How to fix XSS vulnerabilities in php

To fix the XSS vulnerability in PHP, we can use three PHP functions. These functions are mainly used to clear the HTML flag, so there is no way to inject code. More functions are htmlspecialchars (), which can convert all and symbols into and ;. Other available functions include htmlentities (), which can use the corresponding character entity "> <LINKh

To fix the XSS vulnerability in PHP, we can use three PHP functions.

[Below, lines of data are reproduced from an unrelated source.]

lemma prob_Pi_pmf_split:
  assumes "finite E" "A \<subseteq> E"
    and P: "\<And>f g. (\<And>x. x \<in> A \<Longrightarrow> f x = g x) \<Longrightarrow> P f = P g"
    and Q: "\<And>f g. (\<And>x. x \<in> E - A \<Longrightarrow> f x = g x) \<Longrightarrow> Q f = Q g"
  shows "measure_pmf.prob (Pi_pmf E d q) {f. P f \<and> Q f} =
         measure_pmf.prob (Pi_pmf A d q) {f. P f} * measure_pmf.prob (Pi_pmf (E - A) d q) {f. Q f}"
proof -
  let ?glue = "\<lambda>(f, g) x. if x \<in> A then f x else g x"
  have "finite A"
    using assms(1,2) finite_subset by blast
  have "E = A \<union> (E - A)"
    using assms(2) by blast
  then have "Pi_pmf E d q = map_pmf ?glue (pair_pmf (Pi_pmf A d q) (Pi_pmf (E - A) d q))"
    using Pi_pmf_union[of A "E - A"] assms(1) \<open>finite A\<close> by simp
  moreover have "?glue -` {f. P f \<and> Q f} = {f. P f} \<times> {g. Q g}"
  proof -
    have "P (?glue (f, g)) = P f" "Q (?glue (f, g)) = Q g" for f g
      by (rule P, simp, rule Q, simp)
    then show ?thesis
      by auto
  qed
  ultimately show ?thesis
    by (simp add: prob_pair_pmf_Times)
qed

lemma prob_Pi_bernoulli_all:
  assumes "finite A" "0 \<le> p" "p \<le> 1"
  shows "measure_pmf.prob (Pi_pmf A False (\<lambda>_. bernoulli_pmf p)) {f. \<forall>x\<in>A. f x} = p ^ card A"
proof -
  have "{f. \<forall>x\<in>A. f x} = Pi A (\<lambda>_. {True})"
    by (auto simp: Pi_def)
  then show ?thesis
    using measure_Pi_pmf_Pi[OF assms(1), of False "\<lambda>_. bernoulli_pmf p" "\<lambda>_. {True}"] assms
    by (simp add: measure_pmf_single)
qed

definition adjacent_to_all :: "('a set \<Rightarrow> bool) \<Rightarrow> 'a \<Rightarrow> 'a set \<Rightarrow> bool" where
  "adjacent_to_all G i s \<longleftrightarrow> (\<forall>j\<in>s. G {i, j})"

These functions are mainly used to clear the HTML flag, so there is no way to inject code. More functions are htmlspecialchars (), which can convert all the "<" and ">" symbols into "<" and "> ;". Other available functions include htmlentities (), which can replace all characters with corresponding character entities ).

PHP Code:

// The code here is mainly used to show the differences between the two functions

$ Input = '';

Echo htmlspecialchars ($ input ).'

';

Echo htmlentities ($ input );

?>

Another example of htmlentities ()

PHP Code:

$ Str = "A 'quote' is bold ";

Echo htmlentities ($ str );

Echo htmlentities ($ str, ENT_QUOTES );

?>

First Display: a' quote' isBold

Second Display: a' quote' isBold

Htmlspecialchars () instance used

PHP Code:

$ New = htmlspecialchars ("Test", ENT_QUOTES );

Echo $ new;

?>

Display: Test

The strip_tags () function replaces. deletes all HTML elements (elements) except those that require special permission, such as:, or

.

Strip_tags () instance used

PHP Code:

$ Text ='

Test paragraph.

Other text ';

Echo strip_tags ($ text );

Echo "\ n ";

// Allow

Echo strip_tags ($ text ,'

');

?>

Now we have at least known these functions. when we find that our site has an XSS vulnerability, we can use the code. I recently discovered an XSS vulnerability in the video section of GoogleBig (a plug-in of the Mybb Forum) on my website, so I was wondering how to use these function write code segments to fix this search vulnerability.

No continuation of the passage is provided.